John Williams | |
Birth Name: | John Lincoln Williams |
Birth Date: | 12 May 1961 |
Birth Place: | Cardiff, Wales |
Occupation: | Writer |
Notable Works: | The Cardiff Trilogy (1999–2003) |
John Lincoln Williams (born 12 May 1961) is a Welsh writer who has published as John Williams, John L. Williams, and John Lincoln.
Williams was born in Cardiff, where he currently lives, and grew up in a middle-class neighbourhood. In his teens, he joined the punk scene and moved to Camden Town to live in a squat and play in bands.[1] After discovering the works of Elmore Leonard he began writing book reviews for NME and The Sunday Times.[2]
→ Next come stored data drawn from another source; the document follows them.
lemma gaussian_dirichlet_coprime:
  fixes \<tau> :: real
  assumes "1 \<le> \<tau>"
  obtains r b where "r \<in> ZI" "b \<in> ZI" "gcoprime b r" "1 \<le> cmod r" "cmod r \<le> \<tau>"
    "cmod (\<beta> - b / r) \<le> 2 / (cmod r * \<tau>)"
proof -
  define C where "C = {r \<in> ZI \<inter> cball 0 \<tau>. r \<noteq> 0 \<and> (\<exists>b\<in>ZI. cmod (r * \<beta> - b) \<le> 2 / \<tau>)}"
  have "finite C"
    unfolding C_def using finite_ZI_cball by (rule finite_subset[rotated]) blast
  moreover obtain r\<^sub>0 b\<^sub>0 where "r\<^sub>0 \<in> ZI" "r\<^sub>0 \<noteq> 0" "cmod r\<^sub>0 \<le> \<tau>" "b\<^sub>0 \<in> ZI"
    "cmod (r\<^sub>0 * \<beta> - b\<^sub>0) \<le> 2 / \<tau>"
    by (rule gaussian_dirichlet[OF assms])
  then have "C \<noteq> {}"
    unfolding C_def by auto
  ultimately obtain r where "is_arg_min cmod (\<lambda>r. r \<in> C) r"
    using ex_is_arg_min_if_finite by blast
  then have "r \<in> C" and least: "\<And>r'. r' \<in> C \<Longrightarrow> cmod r \<le> cmod r'"
    by (auto simp: is_arg_min_linorder)
  then obtain b where r: "r \<in> ZI" "r \<noteq> 0" "cmod r \<le> \<tau>" and b: "b \<in> ZI" "cmod (r * \<beta> - b) \<le> 2 / \<tau>"
    unfolding C_def by auto
  have "gcoprime b r"
  proof (rule ccontr)
    assume "\<not> gcoprime b r"
    then obtain r' b' where "r' \<in> ZI" "r' \<noteq> 0" "cmod r' < cmod r" "b' \<in> ZI"
      "cmod (r' * \<beta> - b') \<le> cmod (r * \<beta> - b)"
      using r(1,2) by (rule smaller_approx_if_not_gcoprime)
    then have "r' \<in> C"
      unfolding C_def using r(3) b(2) by (auto intro: order_trans)
    with least \<open>cmod r' < cmod r\<close> show False
      by fastforce
  qed
  moreover have "1 \<le> cmod r"
    using norm_ge_1_if_ZI r by blast
  moreover have "\<beta> - b / r = (r * \<beta> - b) / r"
    using r(2) by (simp add: field_simps)
  then have "cmod (\<beta> - b / r) \<le> 2 / (cmod r * \<tau>)"
    using b(2) r(2) by (simp add: norm_divide divide_right_mono field_simps)
  ultimately show ?thesis
    using that r(1,3) b(1) by blast
qed

lemma sum_sq_le_two_mult_abs_coord:
  fixes x y d s :: real
  assumes "0 \<le> d" "d < s" "(x - d)\<^sup>2 + y\<^sup>2 \<le> s\<^sup>2"
  shows "x\<^sup>2 + y\<^sup>2 \<le> 2 * s * \<bar>x\<bar> \<or> x\<^sup>2 + y\<^sup>2 \<le> 2 * s * \<bar>y\<bar>"
proof (rule ccontr)
  define \<rho> where "\<rho> = x\<^sup>2 + y\<^sup>2"
  assume "\<not> ?thesis"
  then have gt: "2 * s * \<bar>x\<bar> < \<rho>" "2 * s * \<bar>y\<bar> < \<rho>"
    unfolding \<rho>_def by auto
  have "(2 * s * \<bar>x\<bar>)\<^sup>2 < \<rho>\<^sup>2" "(2 * s * \<bar>y\<bar>)\<^sup>2 < \<rho>\<^sup>2"
    using gt assms(1,2) by (intro power_strict_mono; simp)+
  then have "2 * s\<^sup>2 * \<rho> < \<rho> * \<rho>"
    unfolding \<rho>_def by (simp add: power_mult_distrib power2_eq_square algebra_simps)
  then have big: "2 * s\<^sup>2 < \<rho>"
    using gt(1) assms(1,2) by (smt (verit) mult_less_cancel_right mult_nonneg_nonneg)
  have disc: "\<rho> \<le> 2 * d * x + s\<^sup>2 - d\<^sup>2"
    using assms(3) unfolding \<rho>_def by (simp add: power2_diff algebra_simps)
  show False
  proof (cases "x \<le> 0")
    case True
    then have "d * x \<le> 0"
      using assms(1) by (simp add: mult_nonneg_nonpos)
    then show False
      using disc big zero_le_power2[of d] zero_le_power2[of s] by linarith
  next
    case False
    then have "2 * x * (s - d) < (s + d) * (s - d)"
      using disc gt(1) by (simp add: power2_eq_square algebra_simps)
    then have "2 * x < s + d"
      using assms(2) by simp
    then have "d * (2 * x) \<le> d * (s + d)"
      using assms(1) by (intro mult_left_mono) auto
    moreover have "d * s \<le> s\<^sup>2"
      using assms(1,2) by (simp add: power2_eq_square mult_right_mono)
    ultimately show False
      using disc big by (simp add: power2_eq_square algebra_simps)
  qed
qed

lemma norm_le_iff_sum_sq: "0 \<le> s \<Longrightarrow> cmod z \<le> s \<longleftrightarrow> (Re z)\<^sup>2 + (Im z)\<^sup>2 \<le> s\<^sup>2"
  by (metis abs_le_square_iff abs_of_nonneg cmod_power2 norm_ge_zero)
In 1994, Williams published Into the Badlands (1991), a combination of travelogue and interviews with American crime fiction authors, including Elmore Leonard, James Ellroy, Carl Hiaasen, and Sara Paretsky. This was followed in 1994 by Bloody Valentine, a nonfiction account of the killing of sex worker Lynette White in the inner-city district of Butetown.
Five Pubs, Two Bars and a Nightclub (1999), a collection of short stories, was his fiction debut. It became the first volume in the so-called 'Cardiff Trilogy', which includes the novels Cardiff Dead (2000) and The Prince of Wales (2003). He has also written biographies of the singer and Butetown native Dame Shirley Bassey and the Trinidadian Black Power activist Michael X and the Trinidadian historian and writer C.L.R. James.
He writes crime fiction under the name "John Lincoln",
Williams currently writes for The Mail on Sunday and The Independent and is co-organiser of the Laugharne Festival.